Vitamin B5 Benefits and Side Effects

Common vitamin B5 benefits and side effects are discussed in brief here and we’ll kick off with some important facts on vitamin B5. Firstly it’s a water-soluble vitamin, not able to be stored by the body, needing to be regularly replenished through the diet to avoid depletion and deficiency symptoms.

Effects of Vitamin B5

Abundant in many foods, vitamin B5 is also manufactured by intestinal bacteria. Vitamin B5 is important for the metabolism of proteins, fats, and carbohydrates and is required for extracting energy from food, building red blood cells and haemoglobin, the production of bile, the creation of lipids, steroid hormones, and neurotransmitters.

Vitamin B5 has an important role in the secretion of hormones, in particular cortisol, the ‘stress hormone’ produced in the adrenal glands, necessary for the functioning of almost every part of the body.

Deficiency or excess cortisol can lead to a variety of physical symptoms and disease states. Vitamin B5 is essential for proper functioning of the immune system.

Vitamin B5 Benefits and Side Effects

One of the more commonly known vitamin B5 benefits and side effects is the reference to it as the ‘anti-stress vitamin’ and is popularly taken as a supplement when feeling stressed.
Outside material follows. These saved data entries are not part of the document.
(* Let $f(r)=r$ and $q_0\notin\Sigma$. For every initial covector $$\lambda_0\in E_1^*:=E_1\setminus(\{K=0\}\cup\{L=0\}\cup\{w_0=0\}),$$ the unit-speed normal trajectory $\gamma(\cdot;\lambda_0)$ from $q_0$ has first conjugate time $t_{\mathrm{con}}=\pi/|w_0|$.
   Context: Consider $\mathbb R^3$ with points $q=(x,y,z)$, $r=\sqrt{x^2+y^2}$, $\Sigma=\{r=0\}$, and $f(r)=r$. Let $q_0=(x_0,y_0,z_0)$ and $r_0=\sqrt{x_0^2+y_0^2}$. Normal trajectories are projections of solutions of $$\dot x=u,\quad \dot y=v,\quad \dot z=r^2w,\quad \dot u=-w^2x,\quad \dot v=-w^2y,\quad \dot w=0,$$ with initial covector $\lambda_0=(u_0,v_0,w_0)$. Energy shell and coordinates: - $E_1=\{\lambda_0:u_0^2+v_0^2+r_0^2w_0^2=1\}$ is the unit energy shell. - $K=x_0v_0-y_0u_0$ and $L=x_0u_0+y_0v_0$. Exponential map and conjugate time: - $\mathrm{Exp}_{q_0}(\lambda_0)=\gamma(1;\lambda_0)$. - $t_{\mathrm{con}}(\gamma)=\inf\{t>0:\mathrm{Exp}_{q_0}\text{ has a critical point at }t\lambda_0\}$. *)

theory Defs
  imports "HOL-Analysis.Analysis"
begin

definition fr :: "real \<Rightarrow> real" where "fr r = r"

definition rad :: "real \<times> real \<times> real \<Rightarrow> real" where
  "rad q = (case q of (x, y, z) \<Rightarrow> sqrt (x\<^sup>2 + y\<^sup>2))"

definition Sigma_set :: "(real \<times> real \<times> real) set" where
  "Sigma_set = {q. rad q = 0}"

definition is_normal_sol ::
  "(real \<Rightarrow> real) \<Rightarrow> (real \<Rightarrow> real) \<Rightarrow> (real \<Rightarrow> real) \<Rightarrow>
   (real \<Rightarrow> real) \<Rightarrow> (real \<Rightarrow> real) \<Rightarrow> (real \<Rightarrow> real) \<Rightarrow> bool" where
  "is_normal_sol x y z u v w \<longleftrightarrow>
     (\<forall>t. (x has_real_derivative u t) (at t)
        \<and> (y has_real_derivative v t) (at t)
        \<and> (z has_real_derivative (fr (rad (x t, y t, z t)))\<^sup>2 * w t) (at t)
        \<and> (u has_real_derivative - (w t)\<^sup>2 * x t) (at t)
        \<and> (v has_real_derivative - (w t)\<^sup>2 * y t) (at t)
        \<and> (w has_real_derivative 0) (at t))"

definition gamma ::
  "real \<times> real \<times> real \<Rightarrow> real \<times> real \<times> real \<Rightarrow> real \<Rightarrow> real \<times> real \<times> real" where
  "gamma q0 l0 t = (THE q. \<exists>x y z u v w. is_normal_sol x y z u v w
       \<and> (x 0, y 0, z 0) = q0 \<and> (u 0, v 0, w 0) = l0 \<and> q = (x t, y t, z t))"

definition Exp :: "real \<times> real \<times> real \<Rightarrow> real \<times> real \<times> real \<Rightarrow> real \<times> real \<times> real" where
  "Exp q0 l0 = gamma q0 l0 1"

definition critical_point :: "('a::euclidean_space \<Rightarrow> 'b::euclidean_space) \<Rightarrow> 'a \<Rightarrow> bool" where
  "critical_point F p \<longleftrightarrow> F differentiable (at p) \<and> \<not> surj (frechet_derivative F (at p))"

definition t_con :: "real \<times> real \<times> real \<Rightarrow> real \<times> real \<times> real \<Rightarrow> real" where
  "t_con q0 l0 = Inf {t. t > 0 \<and> critical_point (Exp q0) (t *\<^sub>R l0)}"

definition E1 :: "real \<times> real \<times> real \<Rightarrow> (real \<times> real \<times> real) set" where
  "E1 q0 = {(u0, v0, w0). u0\<^sup>2 + v0\<^sup>2 + (rad q0)\<^sup>2 * w0\<^sup>2 = 1}"

definition Kc :: "real \<times> real \<times> real \<Rightarrow> real \<times> real \<times> real \<Rightarrow> real" where
  "Kc q0 l0 = (case q0 of (x0, y0, z0) \<Rightarrow> case l0 of (u0, v0, w0) \<Rightarrow> x0 * v0 - y0 * u0)"

definition Lc :: "real \<times> real \<times> real \<Rightarrow> real \<times> real \<times> real \<Rightarrow> real" where
  "Lc q0 l0 = (case q0 of (x0, y0, z0) \<Rightarrow> case l0 of (u0, v0, w0) \<Rightarrow> x0 * u0 + y0 * v0)"

definition E1_star :: "real \<times> real \<times> real \<Rightarrow> (real \<times> real \<times> real) set" where
  "E1_star q0 = E1 q0 - ({l. Kc q0 l = 0} \<union> {l. Lc q0 l = 0} \<union> {l. snd (snd l) = 0})"

end

theory Submission
  imports Defs
begin

text \<open>
  For \<open>w0 \<noteq> 0\<close> the normal system integrates explicitly: \<open>(x, y)\<close> oscillates harmonically with
  frequency \<open>w0\<close> and \<open>z\<close> is a primitive of \<open>w0 (x\<^sup>2 + y\<^sup>2)\<close>. Hence \<open>Exp\<close> is smooth where \<open>w \<noteq> 0\<close>,
  and its Jacobian at \<open>(u, v, w)\<close> has the bordered shape \<open>[[S, 0, A], [0, S, B], [C, D, E]]\<close>
  with \<open>S = sin w / w\<close>. At \<open>|w| = \<pi>\<close> we get \<open>S = 0\<close>, so the Jacobian has rank at most 2.
  For \<open>0 < |w| < \<pi>\<close> the Schur complement \<open>E - (A C + B D) / S\<close> equals
  \<open>r\<^sup>2 + L + (u\<^sup>2 + v\<^sup>2) (sin w - w cos w) / (w\<^sup>2 sin w)\<close>, and since the last factor exceeds
  \<open>1/3\<close> this dominates the positive definite form \<open>r\<^sup>2 + L + (u\<^sup>2 + v\<^sup>2) / 3\<close>; so the Jacobian
  is invertible. Along the ray \<open>t \<lambda>0\<close> the \<open>w\<close>-component is \<open>t w0\<close>, so the first critical time is
  \<open>\<pi> / |w0|\<close>.
\<close>

lemma harmonic_oscillator_zero:
  fixes p q :: "real \<Rightarrow> real"
  assumes dp: "\<And>t. (p has_real_derivative q t) (at t)"
    and dq: "\<And>t. (q has_real_derivative - W\<^sup>2 * p t) (at t)"
    and "p 0 = 0" "q 0 = 0"
  shows "p t = 0"
proof -
  define energy where "energy t = W\<^sup>2 * (p t)\<^sup>2 + (q t)\<^sup>2" for t
  have "(energy has_real_derivative 0) (at t)" for t
    unfolding energy_def[abs_def]
    by (rule derivative_eq_intros dp dq refl | simp add: algebra_simps)+
  then have "energy t = energy 0" for t
    using DERIV_isconst_all by blast
  then have "q t = 0" for t
    using assms(3,4) by (simp add: energy_def add_nonneg_eq_0_iff)
  with dp have "(p has_real_derivative 0) (at t)" for t
    by metis
  then show "p t = 0"
    using DERIV_isconst_all assms(3) by metis
qed

definition bordered_map ::
  "real \<Rightarrow> real \<Rightarrow> real \<Rightarrow> real \<Rightarrow> real \<Rightarrow> real \<Rightarrow> real \<times> real \<times> real \<Rightarrow> real \<times> real \<times> real" where
  "bordered_map S A B C D E h =
    (S * fst h + A * snd (snd h), S * fst (snd h) + B * snd (snd h),
     C * fst h + D * fst (snd h) + E * snd (snd h))"

lemma bordered_map_zero_not_surj: "\<not> surj (bordered_map 0 A B C D E)"
proof
  assume "surj (bordered_map 0 A B C D E)"
  then obtain h1 h2 where "bordered_map 0 A B C D E h1 = (1, 0, 0)" "bordered_map 0 A B C D E h2 = (0, 1, 0)"
    by (metis surjD)
  then have "A * snd (snd h1) = 1" "B * snd (snd h1) = 0" "A * snd (snd h2) = 0" "B * snd (snd h2) = 1"
    by (auto simp: bordered_map_def)
  then show False
    by (metis mult_eq_0_iff zero_neq_one)
qed

lemma bordered_map_surj:
  assumes S: "S \<noteq> 0" and schur: "E - (A * C + B * D) / S \<noteq> 0"
  shows "surj (bordered_map S A B C D E)"
proof -
  have "(p, r, s) \<in> range (bordered_map S A B C D E)" for p r s
  proof
    define \<Delta> where "\<Delta> = E - (A * C + B * D) / S"
    define h3 where "h3 = (s - (C * p + D * r) / S) / \<Delta>"
    have "C * ((p - A * h3) / S) + D * ((r - B * h3) / S) + E * h3 = (C * p + D * r) / S + \<Delta> * h3"
      using S by (simp add: \<Delta>_def field_simps)
    also have "\<dots> = s"
      using schur by (simp add: \<Delta>_def h3_def)
    finally show "(p, r, s) = bordered_map S A B C D E ((p - A * h3) / S, (r - B * h3) / S, h3)"
      using S unfolding bordered_map_def by simp
  qed simp
  then show ?thesis
    by auto
qed

lemma sin_sub_mult_cos_pos:
  assumes "0 < x" "x < pi"
  shows "0 < sin x - x * cos x"
proof -
  have "((\<lambda>y. sin y - y * cos y) has_real_derivative y * sin y) (at y)" for y
    by (rule derivative_eq_intros refl | simp)+
  then obtain z where z: "0 < z" "z < x" "sin x - x * cos x = x * (z * sin z)"
    using MVT2[OF assms(1), of "\<lambda>y. sin y - y * cos y"] by force
  moreover have "0 < sin z"
    using z assms by (intro sin_gt_zero) auto
  ultimately show ?thesis
    using assms by simp
qed

lemma sin_sub_mult_cos_gt:
  assumes "0 < x" "x < pi"
  shows "x\<^sup>2 * sin x / 3 < sin x - x * cos x"
proof -
  have "((\<lambda>y. sin y - y * cos y - y\<^sup>2 * sin y / 3) has_real_derivative y * (sin y - y * cos y) / 3) (at y)" for y
    by (rule derivative_eq_intros refl | simp add: field_simps power2_eq_square)+
  then obtain z where z: "0 < z" "z < x"
      "sin x - x * cos x - x\<^sup>2 * sin x / 3 = x * (z * (sin z - z * cos z) / 3)"
    using MVT2[OF assms(1), of "\<lambda>y. sin y - y * cos y - y\<^sup>2 * sin y / 3"] by force
  moreover have "0 < sin z - z * cos z"
    using z assms by (intro sin_sub_mult_cos_pos) auto
  then have "0 < x * (z * (sin z - z * cos z) / 3)"
    using z assms by simp
  ultimately show ?thesis
    by linarith
qed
Vitamin B5 benefits and side effects also include enhancing the ability of the adrenal gland to produce the ‘stress hormone’, cortisol.
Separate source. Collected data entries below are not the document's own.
lemma ky_kv_span_linear_part:
  fixes P :: "idx \<Rightarrow> idx \<Rightarrow> idx \<Rightarrow> idx \<Rightarrow> real"
  assumes sym: "\<And>a b c d. P a b c d = P a c b d"
    and cyc: "\<And>a b c d. P a b c d + P b c a d + P c a b d = 0"
    and killing: "\<And>a b c d. P a b c d + P a c d b + P a d b c = 0"
  shows "ky_kv_span (\<lambda>x a b c. \<Sum>s\<in>UNIV. P a b c s * x $ s)"
proof -
  have "ky_kv_span (\<lambda>x a b c. \<Sum>s\<in>UNIV. (lin_ky_coeff P a b c s / 2 + lin_ky_coeff P a c b s / 2) * x $ s)"
  proof (rule ky_kv_span_rotations[of "\<lambda>r s x a b. lin_ky_coeff P a b r s / 2"])
    show "killing_yano (\<lambda>x a b. lin_ky_coeff P a b r s / 2)" for r s
      by (rule killing_yano_const) (subst lin_ky_coeff_antisym(1), simp)
    show "lin_ky_coeff P a b r s / 2 = - (lin_ky_coeff P a b s r / 2)" for r s a b
      by (subst lin_ky_coeff_antisym(2), simp)
  qed
  then show ?thesis
    by (simp add: add_divide_distrib[symmetric] lin_ky_coeff_sym_part[OF sym cyc killing])
qed

lemma sum_quadratic_form_transpose:
  "(\<Sum>j\<in>UNIV. \<Sum>k\<in>UNIV. f k j * (x $ j * x $ k)) = (\<Sum>j\<in>UNIV. \<Sum>k\<in>UNIV. f j k * (x $ j * (x::point) $ k))"
  by (subst sum.swap) (simp add: ac_simps)

lemma ky_kv_span_quadratic_part:
  fixes Q :: "idx \<Rightarrow> idx \<Rightarrow> idx \<Rightarrow> idx \<Rightarrow> idx \<Rightarrow> real"
  assumes sym1: "\<And>a b c d e. Q a b c d e = Q a c b d e"
    and sym2: "\<And>a b c d e. Q a b c d e = Q a b c e d"
    and cyc: "\<And>a b c d e. Q a b c d e + Q b c a d e + Q c a b d e = 0"
    and killing: "\<And>a b c d e. Q a b c d e + Q a c d b e + Q a d b c e = 0"
  shows "ky_kv_span (\<lambda>x a b c. \<Sum>j\<in>UNIV. \<Sum>k\<in>UNIV. Q a b c j k * (x $ j * x $ k))"
proof -
  let ?R = "quad_ky_coeff Q"
  define S where "S x a b c = (\<Sum>j\<in>UNIV. \<Sum>k\<in>UNIV. ?R a b j c k * (x $ j * x $ k))" for x a b c
  have "ky_kv_span (\<lambda>x a b c. \<Sum>s\<in>UNIV.
      ((\<Sum>e\<in>UNIV. ?R a b e c s / 2 * x $ e) + (\<Sum>e\<in>UNIV. ?R a c e b s / 2 * x $ e)) * x $ s)"
  proof (rule ky_kv_span_rotations[of "\<lambda>r s x a b. \<Sum>e\<in>UNIV. ?R a b e r s / 2 * x $ e"])
    show "killing_yano (\<lambda>x a b. \<Sum>e\<in>UNIV. ?R a b e r s / 2 * x $ e)" for r s
      by (rule killing_yano_linear) (subst quad_ky_coeff_antisym, simp)+
    show "(\<Sum>e\<in>UNIV. ?R a b e r s / 2 * x $ e) = - (\<Sum>e\<in>UNIV. ?R a b e s r / 2 * x $ e)" for r s x a b
      by (subst quad_ky_coeff_antisym(3)) (simp add: sum_negf)
  qed
  moreover have "(\<Sum>s\<in>UNIV. ((\<Sum>e\<in>UNIV. ?R a b e c s / 2 * x $ e) + (\<Sum>e\<in>UNIV. ?R a c e b s / 2 * x $ e)) * x $ s)
      = (S x a b c + S x a c b) / 2" for x a b c
    unfolding S_def
    by (subst (1 2) sum.swap) (simp add: distrib_left sum_distrib_left sum_distrib_right sum.distrib
        add_divide_distrib sum_divide_distrib ac_simps)
  moreover have "(\<Sum>j\<in>UNIV. \<Sum>k\<in>UNIV. Q a b c j k * (x $ j * x $ k)) = (S x a b c + S x a c b) / 2"
    for x a b c
  proof -
    have "(\<Sum>j\<in>UNIV. \<Sum>k\<in>UNIV. Q a b c j k * (x $ j * x $ k))
        = (\<Sum>j\<in>UNIV. \<Sum>k\<in>UNIV. (?R a b k c j + ?R a b j c k + ?R a c k b j + ?R a c j b k) / 4 * (x $ j * x $ k))"
      by (simp add: quad_ky_coeff_sym_part[OF sym1 sym2 cyc killing])
    also have "\<dots> = ((\<Sum>j\<in>UNIV. \<Sum>k\<in>UNIV. ?R a b k c j * (x $ j * x $ k)) + S x a b c
        + (\<Sum>j\<in>UNIV. \<Sum>k\<in>UNIV. ?R a c k b j * (x $ j * x $ k)) + S x a c b) / 4"
      unfolding S_def by (simp add: sum.distrib sum_divide_distrib distrib_right add_divide_distrib)
    finally show ?thesis
      unfolding S_def sum_quadratic_form_transpose[of "\<lambda>j k. ?R a b j c k"]
        sum_quadratic_form_transpose[of "\<lambda>j k. ?R a c j b k"] by simp
  qed
  ultimately show ?thesis
    by (simp only:)
qed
Vitamin B5 benefits and side effects also prove important for maintaining healthy skin, nerves, glands and muscles, and helps to maintain the digestive tract and fight allergies.

Some think vitamin B5 benefits and side effects may help fight hair graying. Creams and lotions contain pantothenic acid to reduce skin inflammation and speed the healing of wounds.

Vitamin B5 benefits stamina, helps with anxiety and depression, and increases omega-3 essential fatty acids in the body.

Vitamin B5 side effects also cover the relief of painful inflammation caused by rheumatoid arthritis, and can be effective as a gout remedy because it breaks down the excess uric acid which causes gout.

Vitamin B5 Deficiency

Factors that may increase Vitamin B5 deficiency include alcohol consumption, caffeine, allergies, stress, and too much processed food.

Vitamin B5 deficiency can lead to fatigue, muscular weakness and cramps, hypoglycemia, nausea, abdominal pains, neurological disorders like tingling hands, burning feet and numbness, headaches, insomnia, depression and personality changes.

Vitamin B5 Side Effects and Dosage

Recommended dietary allowance (minimum daily dose to ward off serious deficiency) dosage to avoid vitamin B5 deficiency is about 4 to 7 mg, although up to 500 mg is commonly used in vitamin supplements.

Not toxic in high doses, but vitamin B5 side effects may include water retention, diarrhea and digestive problems, and sensitive teeth.

Foods That Contain Vitamin B5

Here are examples of where to find foods that contain vitamin b5:

Animal foods that contain vitamin b5 : Organ meats such as liver, heart and kidney, pork, beef, brewer’s yeast, fish, egg yolk, poultry.

Plant vitamin B5 food sources : Wholegrain products, leafy green vegetables, broccoli, cauliflower, nuts, legumes, whole/enriched cereal, mushrooms, oranges, strawberries.

If we do not include these foods in our diet we could then miss out on these vitamin B5 benefits and side effects.